- Instructions to follow: Within the data that follows, set down exactly the lines from the one containing "else bind_pmf (poisson_pmf" through the one containing "(x, i) \<Rightarrow>", both ends included.

Top of Data listing

lemma psi_nonneg_Reals: "beta < x \<Longrightarrow> \<psi> (of_real x) \<in> \<real>\<^sub>\<ge>\<^sub>0"
proof -
  assume "beta < x"
  obtain X where X: "\<And>x. X \<le> x \<Longrightarrow> \<psi> (of_real x) \<in> \<real>\<^sub>\<ge>\<^sub>0"
    using psi_nonneg_Reals_at_top by blast
  obtain n where n: "X \<le> (freal ^^ n) x"
    using funpow_freal_tendsto_at_top[OF \<open>beta < x\<close>]
    by (auto simp: filterlim_at_top eventually_sequentially)
  show ?thesis
  proof (rule nonneg_Reals_by_continuity[of "{x..}" "\<lambda>y. \<psi> (of_real y)" "3 ^ n" "max x X"])
    show "continuous_on {x..} (\<lambda>y. \<psi> (of_real y))"
      using \<open>beta < x\<close> by (intro continuous_on_subset[OF continuous_on_psi_of_real]) auto
    show "\<psi> (of_real y) ^ 3 ^ n \<in> \<real>\<^sub>\<ge>\<^sub>0" if "y \<in> {x..}" for y
    proof -
      have "X \<le> (freal ^^ n) y"
        using that \<open>beta < x\<close> beta_pos n funpow_freal_mono[of x y n] by simp
      then have "\<psi> (of_real ((freal ^^ n) y)) \<in> \<real>\<^sub>\<ge>\<^sub>0" by (rule X)
      moreover have "beta < y" using that \<open>beta < x\<close> by simp
      ultimately show ?thesis by (simp add: psi_funpow_freal)
    qed
    show "\<psi> (of_real y) \<noteq> 0" if "y \<in> {x..}" for y
      using that \<open>beta < x\<close> by (intro psi_of_real_nonzero) simp
    show "\<psi> (of_real (max x X)) \<in> \<real>\<^sub>\<ge>\<^sub>0"
      by (rule X) simp
  qed (simp_all add: connected_Ici)
qed

definition rad_psi :: "real \<Rightarrow> real" where "rad_psi x = norm (\<psi> (of_real x))"

lemma psi_of_real_eq_rad_psi: "beta < x \<Longrightarrow> \<psi> (of_real x) = of_real (rad_psi x)"
  using psi_nonneg_Reals by (simp add: rad_psi_def nonneg_Reals_iff_of_real_norm)

lemma continuous_on_rad_psi: "continuous_on {beta<..} rad_psi"
  unfolding rad_psi_def by (intro continuous_on_norm continuous_on_psi_of_real)

lemma inj_on_rad_psi: "inj_on rad_psi {beta<..}"
proof (rule inj_onI)
  fix x y assume "x \<in> {beta<..}" "y \<in> {beta<..}" "rad_psi x = rad_psi y"
  then have "\<psi> (of_real x) = \<psi> (of_real y)"
    by (simp add: psi_of_real_eq_rad_psi)
  then show "x = y"
    using inj_onD[OF inj_on_psi] of_real_in_Ainf \<open>x \<in> {beta<..}\<close> \<open>y \<in> {beta<..}\<close> by force
qed

lemma rad_psi_freal: "beta < x \<Longrightarrow> rad_psi (freal x) = rad_psi x ^ 3"
  using psi_funpow_freal[of x 1] by (simp add: rad_psi_def norm_power)

lemma rad_psi_tendsto_at_top: "filterlim rad_psi at_top at_top"
proof -
  have "((\<lambda>x. \<psi> (of_real x) / of_real x) \<longlongrightarrow> 1) at_top"
    by (rule filterlim_compose[OF psi_asymp filterlim_of_real_at_infinity])
  then have "((\<lambda>x. norm (\<psi> (of_real x) / of_real x)) \<longlongrightarrow> 1) at_top"
    using tendsto_norm by fastforce
  then have lim: "filterlim (\<lambda>x. norm (\<psi> (of_real x) / of_real x) * x) at_top at_top"
    by (rule filterlim_tendsto_pos_mult_at_top) (simp_all add: filterlim_ident)
  have "\<forall>\<^sub>F x in at_top. norm (\<psi> (of_real x) / of_real x) * x = rad_psi x"
    using eventually_gt_at_top[of 0] by eventually_elim (simp add: rad_psi_def norm_divide)
  then show ?thesis
    by (rule filterlim_cong[OF refl refl, THEN iffD1, OF _ lim])
qed

lemma strict_mono_on_rad_psi: "strict_mono_on {beta<..} rad_psi"
proof (rule strict_mono_onI)
  fix x y assume xy: "x \<in> {beta<..}" "y \<in> {beta<..}" "x < y"
  have "\<forall>\<^sub>F t in at_top. rad_psi x < rad_psi t \<and> y < t"
    using rad_psi_tendsto_at_top by (intro eventually_conj filterlim_at_top_dense[THEN iffD1, rule_format]
        eventually_gt_at_top)
  then obtain t where t: "rad_psi x < rad_psi t" "y < t"
    using eventually_happens' by (auto simp: eventually_at_top_linorder)
  have "{x..t} \<subseteq> {beta<..}" using xy by auto
  then have "continuous_on {x..t} rad_psi" "inj_on rad_psi {x..t}"
    using continuous_on_subset[OF continuous_on_rad_psi] inj_on_subset[OF inj_on_rad_psi] by auto
  then show "rad_psi x < rad_psi y"
    using continuous_inj_imp_mono[of x y t rad_psi] xy t by auto
qed

lemma rad_psi_surj: "1 < r \<Longrightarrow> \<exists>x\<in>{beta<..}. rad_psi x = r"
proof -
  assume "1 < r"
  obtain x1 where x1: "beta < x1" "rad_psi x1 < r"
    using exists_less_of_power_conjugate[of "{beta<..}" freal rad_psi 3 "beta + 1" r]
      freal_surj_above rad_psi_freal \<open>1 < r\<close> by auto
  obtain x2 where x2: "x1 \<le> x2" "r \<le> rad_psi x2"
    using eventually_conj[OF eventually_ge_at_top[of x1]
        filterlim_at_top[THEN iffD1, OF rad_psi_tendsto_at_top, rule_format, of r]]
    by (auto simp: eventually_at_top_linorder)
  have "continuous_on {x1..x2} rad_psi"
    using x1 by (intro continuous_on_subset[OF continuous_on_rad_psi]) auto
  then obtain x where "x1 \<le> x" "x \<le> x2" "rad_psi x = r"
    using IVT'[of rad_psi x1 r x2] x1 x2 by auto
  then show ?thesis using x1 by (intro bexI[of _ x]) auto
qed

lemma inv_rad_psi:
  assumes "1 < r"
  shows "beta < inv_into {beta<..} rad_psi r" "rad_psi (inv_into {beta<..} rad_psi r) = r"
proof -
  have r: "r \<in> rad_psi ` {beta<..}" using rad_psi_surj[OF assms] by auto
  show "beta < inv_into {beta<..} rad_psi r" using inv_into_into[OF r] by simp
  show "rad_psi (inv_into {beta<..} rad_psi r) = r" using f_inv_into_f[OF r] .
qed
(* Fix $\bar y\in\mathbb{R}$ and assume Assumption A and Assumption C at $\bar y$. Then for any $0<T<\infty$, $$\lim_{n\to\infty}\sup_{0\le t\le T}n^{-1/4}\big|EY_{n,1}(t)-EY_{n,2}(t)\big|=0,$$ i.e. $\sup_{0\le t\le T}n^{-1/4}|EY_n(t)|\to0$ where $Y_n=Y_{n,1}-Y_{n,2}$.
   Context: Setting (independent random walk height model). Let $p=\{p(x):x\in\mathbb{Z}\}$ be a probability kernel on $\mathbb{Z}$. Assumption A: for some $\delta>0$, $\sum_{x}e^{\theta x}p(x)<\infty$ for $|\theta|\le\delta$. Set $b=\sum_x xp(x)$. A "random walk" is a continuous-time random walk on $\mathbb{Z}$ that jumps at rate 1 with increments distributed according to $p$. For each $n\in\mathbb{N}$ nonnegative integer initial occupation variables $\eta^n_0(x)$, $x\in\mathbb{Z}$, are given; place $\eta^n_0(x)$ particles at each site $x$ at time $0$ and let them evolve as independent random walks, independent of the initial occupation variables; write $X^n_i(\cdot)$ for the particle paths. $[\cdot]$ denotes the integer part. Define $Y_{n,1}(t)=\#\{i:X^n_i(0)\ge[n\bar y]+1,\ X^n_i(nt)\le[n\bar y]+[nbt]\}$ and $Y_{n,2}(t)=\#\{i:X^n_i(0)\le[n\bar y],\ X^n_i(nt)>[n\bar y]+[nbt]\}$. Assumption C at a point $\bar y\in\mathbb{R}$: for each $n$ the variables $\{\eta^n_0(x):x\in\mathbb{Z}\}$ are independent and $\sup_{n\in\mathbb{N},x\in\mathbb{Z}}E[\eta^n_0(x)^6]<\infty$; write $\rho^n_0(x)=E\eta^n_0(x)$, $v^n_0(x)=\mathrm{Var}[\eta^n_0(x)]$. Bounded nonnegative functions $\rho_0,v_0$ on $\mathbb{R}$ are given, and there are positive integers $L=L(n)$ with $n^{-1/4}L(n)\to0$ such that for every finite $A$, $\lim_{n\to\infty}\sup_{|m|\le A\sqrt{n\log n}} n^{1/4}\big|L^{-1}\sum_{j=1}^{L}\rho^n_0([n\bar y]+m+j)-\rho_0(\bar y)\big|=0$, and the same holds with $\rho^n_0,\rho_0$ replaced by $v^n_0,v_0$. *)

theory Defs
  imports "HOL-Probability.Probability"
begin

definition step_sum_pmf :: "int pmf \<Rightarrow> nat \<Rightarrow> int pmf" where
  "step_sum_pmf p j =
     ((\<lambda>q. bind_pmf q (\<lambda>s. map_pmf (\<lambda>z. s + z) p)) ^^ j) (return_pmf 0)"

text \<open>Law of the displacement at time t of a continuous-time random walk jumping
  at rate 1 with increments distributed according to p (compound Poisson law).\<close>
definition crw_pmf :: "int pmf \<Rightarrow> real \<Rightarrow> int pmf" where
  "crw_pmf p t = (if t \<le> 0 then return_pmf 0
                  else bind_pmf (poisson_pmf t) (step_sum_pmf p))"

definition is_crw :: "'a measure \<Rightarrow> int pmf \<Rightarrow> int \<Rightarrow> ('a \<Rightarrow> real \<Rightarrow> int) \<Rightarrow> bool" where
  "is_crw M p x X \<longleftrightarrow>
     (\<forall>\<omega>\<in>space M. X \<omega> 0 = x) \<and>
     (\<forall>ts::real list. sorted ts \<and> (\<forall>t\<in>set ts. 0 \<le> t) \<longrightarrow>
        prob_space.indep_vars M (\<lambda>_. count_space UNIV)
          (\<lambda>i \<omega>. X \<omega> (ts ! Suc i) - X \<omega> (ts ! i)) {..<length ts - 1} \<and>
        (\<forall>i < length ts - 1.
           distr M (count_space UNIV) (\<lambda>\<omega>. X \<omega> (ts ! Suc i) - X \<omega> (ts ! i))
             = measure_pmf (crw_pmf p (ts ! Suc i - ts ! i))))"

text \<open>Joint independence of the occupation variables eta x (x \<in> Z) and the
  particle paths X x i (x \<in> Z, i \<in> N), where X x i is the path of the i-th particle
  initially at x (only used when i < eta x); paths are random elements of the
  product space of functions real \<Rightarrow> int.\<close>
definition system_indep ::
  "'a measure \<Rightarrow> (int \<Rightarrow> 'a \<Rightarrow> nat) \<Rightarrow> (int \<Rightarrow> nat \<Rightarrow> 'a \<Rightarrow> real \<Rightarrow> int) \<Rightarrow> bool" where
  "system_indep M eta X \<longleftrightarrow>
     (\<forall>x. eta x \<in> measurable M (count_space UNIV)) \<and>
     (\<forall>x i. X x i \<in> measurable M (PiM UNIV (\<lambda>_::real. count_space (UNIV::int set)))) \<and>
     prob_space.indep_sets M
       (\<lambda>k. case k of
              Inl x \<Rightarrow> {eta x -` A \<inter> space M | A. A \<in> sets (count_space (UNIV::nat set))}
            | Inr (x, i) \<Rightarrow> {X x i -` A \<inter> space M | A.
                 A \<in> sets (PiM UNIV (\<lambda>_::real. count_space (UNIV::int set)))})
       UNIV"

Bottom of Data listing

- Answer to this task:
                  else bind_pmf (poisson_pmf t) (step_sum_pmf p))"

definition is_crw :: "'a measure \<Rightarrow> int pmf \<Rightarrow> int \<Rightarrow> ('a \<Rightarrow> real \<Rightarrow> int) \<Rightarrow> bool" where
  "is_crw M p x X \<longleftrightarrow>
     (\<forall>\<omega>\<in>space M. X \<omega> 0 = x) \<and>
     (\<forall>ts::real list. sorted ts \<and> (\<forall>t\<in>set ts. 0 \<le> t) \<longrightarrow>
        prob_space.indep_vars M (\<lambda>_. count_space UNIV)
          (\<lambda>i \<omega>. X \<omega> (ts ! Suc i) - X \<omega> (ts ! i)) {..<length ts - 1} \<and>
        (\<forall>i < length ts - 1.
           distr M (count_space UNIV) (\<lambda>\<omega>. X \<omega> (ts ! Suc i) - X \<omega> (ts ! i))
             = measure_pmf (crw_pmf p (ts ! Suc i - ts ! i))))"

text \<open>Joint independence of the occupation variables eta x (x \<in> Z) and the
  particle paths X x i (x \<in> Z, i \<in> N), where X x i is the path of the i-th particle
  initially at x (only used when i < eta x); paths are random elements of the
  product space of functions real \<Rightarrow> int.\<close>
definition system_indep ::
  "'a measure \<Rightarrow> (int \<Rightarrow> 'a \<Rightarrow> nat) \<Rightarrow> (int \<Rightarrow> nat \<Rightarrow> 'a \<Rightarrow> real \<Rightarrow> int) \<Rightarrow> bool" where
  "system_indep M eta X \<longleftrightarrow>
     (\<forall>x. eta x \<in> measurable M (count_space UNIV)) \<and>
     (\<forall>x i. X x i \<in> measurable M (PiM UNIV (\<lambda>_::real. count_space (UNIV::int set)))) \<and>
     prob_space.indep_sets M
       (\<lambda>k. case k of
              Inl x \<Rightarrow> {eta x -` A \<inter> space M | A. A \<in> sets (count_space (UNIV::nat set))}
            | Inr (x, i) \<Rightarrow> {X x i -` A \<inter> space M | A.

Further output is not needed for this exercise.